ABOUT THIS EXERCISE:
Could you output exactly the lines from the one containing "(\<exists>(T::(nat \<Rightarrow> real)" through the end of the records below, and nothing more?

━━━━━ DATA RECORDS

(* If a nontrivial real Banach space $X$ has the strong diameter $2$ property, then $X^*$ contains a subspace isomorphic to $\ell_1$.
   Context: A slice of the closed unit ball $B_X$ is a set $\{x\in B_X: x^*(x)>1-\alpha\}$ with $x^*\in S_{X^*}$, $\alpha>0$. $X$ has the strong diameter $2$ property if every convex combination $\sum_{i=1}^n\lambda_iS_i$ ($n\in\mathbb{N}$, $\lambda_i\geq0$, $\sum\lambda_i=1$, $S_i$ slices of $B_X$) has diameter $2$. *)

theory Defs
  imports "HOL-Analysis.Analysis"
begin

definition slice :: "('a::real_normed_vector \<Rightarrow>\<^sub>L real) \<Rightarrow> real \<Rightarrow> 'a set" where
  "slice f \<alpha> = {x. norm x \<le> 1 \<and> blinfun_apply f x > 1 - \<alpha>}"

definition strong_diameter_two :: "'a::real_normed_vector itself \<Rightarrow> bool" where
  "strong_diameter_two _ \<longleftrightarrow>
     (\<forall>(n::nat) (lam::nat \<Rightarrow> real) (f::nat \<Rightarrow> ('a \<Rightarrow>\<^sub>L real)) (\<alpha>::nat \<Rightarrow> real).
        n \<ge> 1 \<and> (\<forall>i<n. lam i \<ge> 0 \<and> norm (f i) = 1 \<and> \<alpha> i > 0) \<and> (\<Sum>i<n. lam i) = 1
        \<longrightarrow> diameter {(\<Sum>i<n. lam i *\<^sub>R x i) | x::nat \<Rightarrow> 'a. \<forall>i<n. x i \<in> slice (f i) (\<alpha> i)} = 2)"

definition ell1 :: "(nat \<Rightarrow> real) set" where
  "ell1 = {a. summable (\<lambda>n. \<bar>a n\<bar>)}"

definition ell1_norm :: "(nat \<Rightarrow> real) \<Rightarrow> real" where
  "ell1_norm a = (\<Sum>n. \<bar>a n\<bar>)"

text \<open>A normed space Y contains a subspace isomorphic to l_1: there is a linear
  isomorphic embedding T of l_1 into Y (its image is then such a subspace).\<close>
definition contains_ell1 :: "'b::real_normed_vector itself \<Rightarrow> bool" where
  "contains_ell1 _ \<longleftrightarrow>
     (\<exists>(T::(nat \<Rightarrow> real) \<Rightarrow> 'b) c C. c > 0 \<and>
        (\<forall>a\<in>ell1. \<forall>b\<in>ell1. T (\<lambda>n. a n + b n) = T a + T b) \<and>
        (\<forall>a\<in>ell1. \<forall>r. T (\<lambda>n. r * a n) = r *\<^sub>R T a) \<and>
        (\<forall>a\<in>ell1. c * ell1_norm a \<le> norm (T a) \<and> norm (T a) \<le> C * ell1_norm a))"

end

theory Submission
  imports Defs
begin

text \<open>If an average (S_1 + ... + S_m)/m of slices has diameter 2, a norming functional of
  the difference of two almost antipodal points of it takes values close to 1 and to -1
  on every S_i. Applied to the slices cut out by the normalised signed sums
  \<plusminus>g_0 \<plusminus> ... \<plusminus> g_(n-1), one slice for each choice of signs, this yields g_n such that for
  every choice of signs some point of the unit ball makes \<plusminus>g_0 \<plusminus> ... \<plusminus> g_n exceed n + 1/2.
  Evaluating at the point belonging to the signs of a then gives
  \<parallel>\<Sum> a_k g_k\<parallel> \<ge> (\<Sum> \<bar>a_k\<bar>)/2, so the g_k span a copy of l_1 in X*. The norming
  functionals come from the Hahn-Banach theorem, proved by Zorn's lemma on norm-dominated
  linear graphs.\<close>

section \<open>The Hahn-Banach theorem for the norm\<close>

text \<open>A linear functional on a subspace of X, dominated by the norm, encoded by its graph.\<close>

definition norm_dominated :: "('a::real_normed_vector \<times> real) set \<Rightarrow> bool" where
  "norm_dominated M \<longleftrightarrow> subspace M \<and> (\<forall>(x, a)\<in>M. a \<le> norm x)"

━━━━━━━━━━

TASK ANSWER:
     (\<exists>(T::(nat \<Rightarrow> real) \<Rightarrow> 'b) c C. c > 0 \<and>
        (\<forall>a\<in>ell1. \<forall>b\<in>ell1. T (\<lambda>n. a n + b n) = T a + T b) \<and>
        (\<forall>a\<in>ell1. \<forall>r. T (\<lambda>n. r * a n) = r *\<^sub>R T a) \<and>
        (\<forall>a\<in>ell1. c * ell1_norm a \<le> norm (T a) \<and> norm (T a) \<le> C * ell1_norm a))"

end

theory Submission
  imports Defs
begin

text \<open>If an average (S_1 + ... + S_m)/m of slices has diameter 2, a norming functional of
  the difference of two almost antipodal points of it takes values close to 1 and to -1
  on every S_i. Applied to the slices cut out by the normalised signed sums
  \<plusminus>g_0 \<plusminus> ... \<plusminus> g_(n-1), one slice for each choice of signs, this yields g_n such that for
  every choice of signs some point of the unit ball makes \<plusminus>g_0 \<plusminus> ... \<plusminus> g_n exceed n + 1/2.
  Evaluating at the point belonging to the signs of a then gives
  \<parallel>\<Sum> a_k g_k\<parallel> \<ge> (\<Sum> \<bar>a_k\<bar>)/2, so the g_k span a copy of l_1 in X*. The norming
  functionals come from the Hahn-Banach theorem, proved by Zorn's lemma on norm-dominated
  linear graphs.\<close>

section \<open>The Hahn-Banach theorem for the norm\<close>

text \<open>A linear functional on a subspace of X, dominated by the norm, encoded by its graph.\<close>

definition norm_dominated :: "('a::real_normed_vector \<times> real) set \<Rightarrow> bool" where
  "norm_dominated M \<longleftrightarrow> subspace M \<and> (\<forall>(x, a)\<in>M. a \<le> norm x)"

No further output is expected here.